Occurs after a SQL statement is compiled. This event returns an XML representation of the estimated query plan that is generated when the query is compiled. Using this event can have a significant performance overhead so it should only be used when troubleshooting or monitoring specific problems for brief periods of time.

NOTE: Both of these event descriptions state “Using this event can have a significant performance overhead so it should only be used when troubleshooting or monitoring specific problems for brief periods of time.” There are only a handful of events in Extended Events that include this warning in their description and each can introduce significant performance impacts to production workloads, so using them in live workloads is not something I’d recommend. (query_post_execution_showplan impact post)

The events aren’t exactly the same in description and occur at different times using the repro example from the StackExchange post.
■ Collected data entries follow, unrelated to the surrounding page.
lemma has_sublattice_iso_if_gram_invertible:
  assumes "\<forall>a<k. \<forall>i. i \<ge> m \<longrightarrow> e a i = 0"
    and "\<forall>a<k. \<forall>b<k. bil m G (e a) (e b) = H a b"
    and "\<forall>a<k. \<forall>d<k. (\<Sum>b<k. H a b * N b d) = (if a = d then 1 else 0)"
  shows "has_sublattice_iso m G k H"
  unfolding has_sublattice_iso_def
  using assms(1,2) linear_independent_if_gram_invertible[OF assms(2,3)] by blast

definition gram_embedding ::
  "nat \<Rightarrow> (nat \<Rightarrow> nat \<Rightarrow> int) \<Rightarrow> nat \<Rightarrow> (nat \<Rightarrow> nat \<Rightarrow> int) \<Rightarrow> (nat \<Rightarrow> nat) \<Rightarrow> bool" where
  "gram_embedding m G m' G' p \<longleftrightarrow>
     inj_on p {..<m} \<and> p ` {..<m} \<subseteq> {..<m'} \<and> (\<forall>i<m. \<forall>j<m. G' (p i) (p j) = G i j)"

lemma has_sublattice_iso_gram_embedding:
  assumes emb: "gram_embedding m G m' G' p"
    and sub: "has_sublattice_iso m G k H"
  shows "has_sublattice_iso m' G' k H"
proof -
  obtain e where gram: "\<forall>a<k. \<forall>b<k. bil m G (e a) (e b) = H a b"
    and indep: "\<forall>c :: nat \<Rightarrow> int. (\<forall>i<m. (\<Sum>a<k. c a * e a i) = 0) \<longrightarrow> (\<forall>a<k. c a = 0)"
    using sub unfolding has_sublattice_iso_def by blast
  have inj: "inj_on p {..<m}" and range: "p ` {..<m} \<subseteq> {..<m'}"
    and G': "\<forall>i<m. \<forall>j<m. G' (p i) (p j) = G i j"
    using emb unfolding gram_embedding_def by auto
  define e' where "e' a i = (if i \<in> p ` {..<m} then e a (the_inv_into {..<m} p i) else 0)" for a i
  have e'_p: "e' a (p i) = e a i" if "i < m" for a i
    using that inj unfolding e'_def by (auto simp: the_inv_into_f_f)
  have sum_range: "(\<Sum>i<m'. f i) = (\<Sum>i\<in>p ` {..<m}. f i)"
    if "\<forall>i. i \<notin> p ` {..<m} \<longrightarrow> f i = 0" for f :: "nat \<Rightarrow> int"
    using range that by (intro sum.mono_neutral_right) auto
  have "bil m' G' (e' a) (e' b) = bil m G (e a) (e b)" for a b
  proof -
    have "bil m' G' (e' a) (e' b) = (\<Sum>i<m'. \<Sum>j\<in>p ` {..<m}. e' a i * G' i j * e' b j)"
      unfolding bil_def by (intro sum.cong refl sum_range) (simp add: e'_def)
    also have "\<dots> = (\<Sum>i\<in>p ` {..<m}. \<Sum>j\<in>p ` {..<m}. e' a i * G' i j * e' b j)"
      by (rule sum_range) (simp add: e'_def)
    also have "\<dots> = bil m G (e a) (e b)"
      unfolding bil_def using inj G' by (simp add: sum.reindex e'_p)
    finally show ?thesis .
  qed
  with gram have gram': "\<forall>a<k. \<forall>b<k. bil m' G' (e' a) (e' b) = H a b"
    by simp
  have supp': "\<forall>a<k. \<forall>i. i \<ge> m' \<longrightarrow> e' a i = 0"
    using range unfolding e'_def by auto
  have indep': "\<forall>a<k. c a = 0" if comb: "\<forall>i<m'. (\<Sum>a<k. c a * e' a i) = 0" for c
  proof -
    have "(\<Sum>a<k. c a * e a i) = 0" if "i < m" for i
    proof -
      have "p i < m'"
        using range that by auto
      then have "(\<Sum>a<k. c a * e' a (p i)) = 0"
        using comb by blast
      then show ?thesis
        using e'_p[OF that] by simp
    qed
    then show ?thesis
      using indep by blast
  qed
  show ?thesis
    unfolding has_sublattice_iso_def using supp' gram' indep' by blast
qed

lemma gram_embedding_U_plus:
  assumes "gram_embedding m H m' H' p"
  shows "gram_embedding (m + 2) (U_plus H) (m' + 2) (U_plus H')
           (\<lambda>i. if i < 2 then i else p (i - 2) + 2)" (is "gram_embedding _ _ _ _ ?q")
proof -
  have inj: "inj_on p {..<m}" and range: "p ` {..<m} \<subseteq> {..<m'}"
    and gram: "\<forall>i<m. \<forall>j<m. H' (p i) (p j) = H i j"
    using assms unfolding gram_embedding_def by auto
  have "inj_on ?q {..<m + 2}"
  proof (rule inj_onI)
    fix i j assume "i \<in> {..<m + 2}" "j \<in> {..<m + 2}" and eq: "?q i = ?q j"
    show "i = j"
    proof (cases "i < 2 \<or> j < 2")
      case True
      with eq show ?thesis by (auto split: if_splits)
    next
      case False
      with \<open>i \<in> {..<m + 2}\<close> \<open>j \<in> {..<m + 2}\<close> eq
      have "i - 2 < m" "j - 2 < m" "p (i - 2) = p (j - 2)" by auto
      then have "i - 2 = j - 2"
        using inj by (auto dest: inj_onD)
      with False show ?thesis by linarith
    qed
  qed
  moreover have "?q ` {..<m + 2} \<subseteq> {..<m' + 2}"
  proof (rule image_subsetI)
    fix i assume "i \<in> {..<m + 2}"
    then have "i < 2 \<or> i - 2 < m"
      by auto
    with range show "?q i \<in> {..<m' + 2}"
      by auto
  qed
  moreover have "U_plus H' (?q i) (?q j) = U_plus H i j" if "i < m + 2" "j < m + 2" for i j
    using gram that by (auto simp: U_plus_def)
  ultimately show ?thesis
    unfolding gram_embedding_def by blast
qed
(* Let $B=\{B_t,\ t\ge0\}$ be a centered Gaussian process with stationary increments, $B_0=0$, and let $T>0$. Suppose Assumption 1 holds: the covariance function has a mixed derivative $\frac{\partial^2}{\partial s\,\partial t}\mathbb{E}[B_tB_s]=K(t-s)$, where $K$ is an even function with $K\in L_1[-T,T]$. Then for every $f\in L_2[0,T]$ the integral $\int_0^T f(t)\,dB_t$ exists as the mean-square limit of the corresponding Riemann sums, and for all $f,g\in L_2[0,T]$ $$\mathbb{E}\Big[\int_0^T f(t)\,dB_t\int_0^T g(s)\,dB_s\Big]=\int_0^T f(t)\int_0^T K(t-s)g(s)\,ds\,dt.$$ *)

theory Defs
  imports "HOL-Probability.Probability"
begin

definition centered_gaussian :: "'a measure \<Rightarrow> ('a \<Rightarrow> real) \<Rightarrow> bool" where
  "centered_gaussian M X \<longleftrightarrow> X \<in> borel_measurable M \<and>
     ((AE \<omega> in M. X \<omega> = 0) \<or> (\<exists>\<sigma>>0. distributed M lborel X (normal_density 0 \<sigma>)))"

definition centered_gaussian_process :: "'a measure \<Rightarrow> (real \<Rightarrow> 'a \<Rightarrow> real) \<Rightarrow> bool" where
  "centered_gaussian_process M B \<longleftrightarrow>
     (\<forall>I c. finite I \<longrightarrow> I \<subseteq> {0..} \<longrightarrow> centered_gaussian M (\<lambda>\<omega>. \<Sum>i\<in>I. c i * B i \<omega>))"

definition stationary_increments :: "'a measure \<Rightarrow> (real \<Rightarrow> 'a \<Rightarrow> real) \<Rightarrow> bool" where
  "stationary_increments M B \<longleftrightarrow>
     (\<forall>h\<ge>0. \<forall>I. finite I \<longrightarrow> I \<subseteq> {0..} \<longrightarrow>
        distr M (PiM I (\<lambda>_. borel)) (\<lambda>\<omega>. \<lambda>i\<in>I. B (i + h) \<omega> - B h \<omega>)
      = distr M (PiM I (\<lambda>_. borel)) (\<lambda>\<omega>. \<lambda>i\<in>I. B i \<omega>))"

definition L2_on :: "real \<Rightarrow> (real \<Rightarrow> real) \<Rightarrow> bool" where
  "L2_on T f \<longleftrightarrow> set_borel_measurable lborel {0..T} f \<and> set_integrable lborel {0..T} (\<lambda>t. (f t)^2)"

definition partition_of :: "real \<Rightarrow> nat \<Rightarrow> (nat \<Rightarrow> real) \<Rightarrow> bool" where
  "partition_of T n p \<longleftrightarrow> p 0 = 0 \<and> p n = T \<and> (\<forall>k<n. p k < p (Suc k))"

definition step_fun :: "nat \<Rightarrow> (nat \<Rightarrow> real) \<Rightarrow> (nat \<Rightarrow> real) \<Rightarrow> real \<Rightarrow> real" where
  "step_fun n p a t = (\<Sum>k<n. a k * indicator {p k<..p (Suc k)} t)"

definition riemann_sum :: "(real \<Rightarrow> 'a \<Rightarrow> real) \<Rightarrow> nat \<Rightarrow> (nat \<Rightarrow> real) \<Rightarrow> (nat \<Rightarrow> real) \<Rightarrow> 'a \<Rightarrow> real" where
  "riemann_sum B n p a \<omega> = (\<Sum>k<n. a k * (B (p (Suc k)) \<omega> - B (p k) \<omega>))"
lemma monom_in_loc_contr:
  assumes "is_prime_ideal P" "is_ideal I" "var k \<notin> P" "monom_of g \<in> I"
    and below: "\<And>v. v \<noteq> k \<Longrightarrow> Poly_Mapping.lookup g v \<le> Poly_Mapping.lookup F v"
  shows "monom_of F \<in> loc_contr I P"
proof -
  let ?s = "monom_of (Poly_Mapping.single k (Poly_Mapping.lookup g k))"
  have "?s \<notin> P"
  proof
    assume "?s \<in> P"
    then obtain v where "v \<in> Poly_Mapping.keys (Poly_Mapping.single k (Poly_Mapping.lookup g k))"
      "var v \<in> P"
      using monom_in_prime_ideal[OF assms(1)] by blast
    with assms(3) show False by (simp split: if_splits)
  qed
  moreover have "mdvd g (Poly_Mapping.single k (Poly_Mapping.lookup g k) + F)"
    using below by (auto simp: mdvd_def lookup_add lookup_single when_def)
  then have "?s * monom_of F \<in> I"
    using monom_in_ideal_if_mdvd[OF assms(2,4)] by (simp flip: monom_of_add)
  ultimately show ?thesis unfolding loc_contr_def by blast
qed

lemma monom_notin_if_keys_in_second_nbrs:
  assumes I: "support2 I" and girth: "girth_ge (gadj I) 6" and ij: "gadj I i j"
    and alpha: "2 \<le> alpha I i j"
    and keys: "Poly_Mapping.keys F \<subseteq> {i, j} \<union> second_nbrs (gadj I) i j"
    and Fi: "Poly_Mapping.lookup F i = Min ((\<lambda>g. Poly_Mapping.lookup g i) ` edge_gens I i j)"
    and Fj: "Poly_Mapping.lookup F j = Min ((\<lambda>g. Poly_Mapping.lookup g j) ` edge_gens I i j)"
  shows "monom_of F \<notin> I"
proof
  assume "monom_of F \<in> I"
  then obtain g where g: "g \<in> min_gens I" "mdvd g F"
    using exists_min_gen_mdvd by blast
  obtain u w where uw: "Poly_Mapping.keys g = {u, w}" "gadj I u w"
    using min_gen_edge[OF I g(1)] .
  have "{u, w} = {i, j}"
    using edge_within_second_nbrs[OF symp_gadj irreflp_gadj girth ij _ _ uw(2)]
      mdvd_keys[OF g(2)] keys uw(1) by blast
  then have "g \<in> edge_gens I i j"
    using g(1) uw(1) by (simp add: edge_gens_def)
  moreover have "Poly_Mapping.lookup g i \<le> Poly_Mapping.lookup F i"
    "Poly_Mapping.lookup g j \<le> Poly_Mapping.lookup F j"
    using g(2) by (simp_all add: mdvd_def)
  moreover have "\<not> (Poly_Mapping.lookup g i \<le> Min ((\<lambda>h. Poly_Mapping.lookup h i) ` edge_gens I i j) \<and>
      Poly_Mapping.lookup g j \<le> Min ((\<lambda>h. Poly_Mapping.lookup h j) ` edge_gens I i j))"
    if "g \<in> edge_gens I i j"
    using alpha that
    by (intro antichain_not_below_min_exponents)
      (auto simp: alpha_eq_card_edge_gens edge_gens_def intro: min_gens_antichain)
  ultimately show False
    using Fi Fj by simp
qed
(* Let $\mathfrak A,\mathfrak B\in K_{\overline\alpha}$ with $\mathfrak A\le\mathfrak B$. Assume $(\mathfrak B,\mathfrak C)$ is an essential minimal pair and let $\gamma=-\delta(\mathfrak C/\mathfrak B)$. Then: (1) there is $\mathfrak D\in K_{\overline\alpha}$ with $\mathfrak B\subseteq\mathfrak D$, $\mathfrak A\le\mathfrak D$ and $0\le\delta(\mathfrak D/\mathfrak A)<\gamma$, such that moreover, for every minimal pair $(\mathfrak B,\mathfrak G)$ with $|G|<|C|$, $\mathfrak G$ does not embed into $\mathfrak D$ over $\mathfrak B$; (2) if $\delta(\mathfrak A)\ge\gamma$, then there is $\mathfrak D\in K_{\overline\alpha}$ with $\mathfrak B\subseteq\mathfrak D$ such that $(\mathfrak A,\mathfrak D)$ is an essential minimal pair satisfying $0>\delta(\mathfrak D/\mathfrak A)\ge-\gamma$.
   Context: Fix a finite relational language $L$ in which every relation symbol has arity at least $2$. $K_L$ is the class of all finite $L$-structures (including the empty one) in which every relation symbol is interpreted symmetrically and irreflexively. Fix $\overline\alpha:L\to(0,1]$, writing $\overline\alpha_E=\overline\alpha(E)$, such that it is not the case that all symbols of $L$ are binary and $\overline\alpha_E=1$ for all $E$. For $\mathfrak A\in K_L$ let $N_E(\mathfrak A)$ be the number of subsets of $A$ on which $E$ holds and $\delta(\mathfrak A)=|A|-\sum_{E}\overline\alpha_E N_E(\mathfrak A)$. $K_{\overline\alpha}=\{\mathfrak A\in K_L:\delta(\mathfrak A')\ge0\text{ for all substructures }\mathfrak A'\subseteq\mathfrak A\}$. Subsets are identified with induced substructures; for substructures $X,Y$ of a common structure, $\delta(X/Y)=\delta(X\cup Y)-\delta(Y)$. For $\mathfrak A\subseteq\mathfrak B$, $\mathfrak A\le\mathfrak B$ means $\delta(\mathfrak A)\le\delta(\mathfrak A')$ for all $\mathfrak A\subseteq\mathfrak A'\subseteq\mathfrak B$; $(\mathfrak A,\mathfrak B)$ is a minimal pair if $\mathfrak A\subseteq\mathfrak B$, $\mathfrak A\le\mathfrak C$ for all $\mathfrak A\subseteq\mathfrak C\subsetneq\mathfrak B$, but $\mathfrak A\not\le\mathfrak B$. For $\mathfrak B\in K_{\overline\alpha}$ with $\delta(\mathfrak B)>0$, a structure $\mathfrak D\in K_{\overline\alpha}$ with $\mathfrak B\subseteq\mathfrak D$ forms an essential minimal pair $(\mathfrak B,\mathfrak D)$ if $(\mathfrak B,\mathfrak D)$ is a minimal pair and $\delta(\mathfrak D'/\mathfrak D'\cap\mathfrak B)\ge0$ for every substructure $\mathfrak D'\subsetneq\mathfrak D$. *)

theory Defs
  imports Complex_Main
begin
(* Under assumption (R), the function $\ell^{\mathrm{tr}}:[0,1]\times\mathbb R^d\times\mathbb S^d_+\to[0,+\infty]$ is nonnegative, is convex in $\Sigma_1\in\mathbb S^d_+$ for each fixed $(t,x)$, and is lower semicontinuous jointly in $(t,x,\Sigma_1)$.
   Context: Continuous reference data $\lambda_2:[0,1]\times\mathbb R^d\to(0,\infty)$, $\bar\Sigma_2:[0,1]\times\mathbb R^d\to\mathbb S^d_{++}$. Assumption (R): there are $0<\underline b\le\overline b<\infty$, $M>0$ with $\underline b\le\lambda_2\le\overline b$ and $\bar\Sigma_2\preceq MI_d$ everywhere. For $\Sigma_1\in\mathbb S^d_+$ let $\lambda_1:=\frac1d\mathrm{tr}(\bar\Sigma_2(t,x)^{-1}\Sigma_1)$ and, if $\Sigma_1\ne0$, $\bar\Sigma_1:=\Sigma_1/\lambda_1$. Define $\ell^{\mathrm{tr}}(t,x,\Sigma_1)=\lambda_1\log\frac{\lambda_1}{\lambda_2(t,x)}-\lambda_1+\lambda_2(t,x)-\frac{\lambda_1}2\log\det(\bar\Sigma_2(t,x)^{-1}\bar\Sigma_1)$ if $\Sigma_1\in\mathbb S^d_{++}$; $=\lambda_2(t,x)$ if $\Sigma_1=0$; $=+\infty$ if $\Sigma_1$ is singular and nonzero. *)

theory Defs
  imports "HOL-Analysis.Analysis" "HOL-Library.Extended_Real"
begin

definition psd :: "real^'n^'n \<Rightarrow> bool" where
  "psd A \<longleftrightarrow> transpose A = A \<and> (\<forall>v. 0 \<le> v \<bullet> (A *v v))"

definition pd :: "real^'n^'n \<Rightarrow> bool" where
  "pd A \<longleftrightarrow> transpose A = A \<and> (\<forall>v. v \<noteq> 0 \<longrightarrow> 0 < v \<bullet> (A *v v))"

definition loewner_le :: "real^'n^'n \<Rightarrow> real^'n^'n \<Rightarrow> bool" where
  "loewner_le A B \<longleftrightarrow> (\<forall>v. v \<bullet> (A *v v) \<le> v \<bullet> (B *v v))"

definition ltr :: "(real \<Rightarrow> real^'n \<Rightarrow> real) \<Rightarrow> (real \<Rightarrow> real^'n \<Rightarrow> real^'n^'n)
                   \<Rightarrow> real \<Rightarrow> real^'n \<Rightarrow> real^'n^'n \<Rightarrow> ereal" where
  "ltr lam2 Sig2 t x S1 =
     (if S1 = 0 then ereal (lam2 t x)
      else if pd S1 then
        (let l1 = trace (matrix_inv (Sig2 t x) ** S1) / real CARD('n);
             Sb1 = (1 / l1) *\<^sub>R S1
         in ereal (l1 * ln (l1 / lam2 t x) - l1 + lam2 t x
                   - l1 / 2 * ln (det (matrix_inv (Sig2 t x) ** Sb1))))
      else \<infinity>)"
Using a much larger event session definition that includes additional events, it is easy to see where compilations actually are happening.  The event session definition used for proofing this is:

CREATE EVENT SESSION [Compiles] ON SERVER
ADD EVENT sqlserver.query_post_compilation_showplan(
    ACTION(sqlserver.client_app_name,sqlserver.sql_text)
    WHERE ([sqlserver].[is_system]=(0))),
ADD EVENT sqlserver.query_pre_execution_showplan(
    ACTION(sqlserver.client_app_name,sqlserver.sql_text)
    WHERE ([sqlserver].[is_system]=(0))),
ADD EVENT sqlserver.sp_cache_hit(
    ACTION(sqlserver.client_app_name,sqlserver.sql_text)
    WHERE ([sqlserver].[is_system]=(0))),
ADD EVENT sqlserver.sp_cache_insert(
    ACTION(sqlserver.client_app_name,sqlserver.sql_text)
    WHERE ([sqlserver].[is_system]=(0))),
ADD EVENT sqlserver.sp_cache_miss(
    ACTION(sqlserver.client_app_name,sqlserver.sql_text)
    WHERE ([sqlserver].[is_system]=(0))),
ADD EVENT sqlserver.sp_cache_remove(
    ACTION(sqlserver.client_app_name,sqlserver.sql_text)
    WHERE ([sqlserver].[is_system]=(0))),
ADD EVENT sqlserver.sp_statement_completed(
    ACTION(sqlserver.client_app_name,sqlserver.sql_text)
    WHERE ([sqlserver].[is_system]=(0))),
ADD EVENT sqlserver.sp_statement_starting(
    ACTION(sqlserver.client_app_name,sqlserver.sql_text)
    WHERE ([sqlserver].[is_system]=(0))),
ADD EVENT sqlserver.sql_batch_completed(
    ACTION(sqlserver.client_app_name,sqlserver.sql_text)
    WHERE ([sqlserver].[is_system]=(0))),
ADD EVENT sqlserver.sql_batch_starting(
    ACTION(sqlserver.client_app_name,sqlserver.sql_text)
    WHERE ([sqlserver].[is_system]=(0))),
ADD EVENT sqlserver.sql_statement_completed(
    ACTION(sqlserver.client_app_name,sqlserver.sql_text)
    WHERE ([sqlserver].[is_system]=(0))),
ADD EVENT sqlserver.sql_statement_recompile(
    ACTION(sqlserver.client_app_name,sqlserver.sql_text)
    WHERE ([sqlserver].[is_system]=(0))),
ADD EVENT sqlserver.sql_statement_starting(
    ACTION(sqlserver.client_app_name,sqlserver.sql_text)
    WHERE ([sqlserver].[is_system]=(0))),
ADD EVENT sqlserver.uncached_sql_batch_statistics(
    ACTION(sqlserver.client_app_name,sqlserver.sql_text)
    WHERE ([sqlserver].[is_system]=(0)))
WITH (MAX_MEMORY=4096 KB,
      EVENT_RETENTION_MODE=ALLOW_SINGLE_EVENT_LOSS,
      MAX_DISPATCH_LATENCY=30 SECONDS,
      MAX_EVENT_SIZE=0 KB,
      MEMORY_PARTITION_MODE=NONE,
      TRACK_CAUSALITY=ON,
      STARTUP_STATE=OFF)
GO

Using part of the repro example from the StackExchange post with slight changes to include clearing the plan cache and also to break the steps down into individual batches and then individual statements we can show how the plans were being used from cache and where compiles actually are occurring.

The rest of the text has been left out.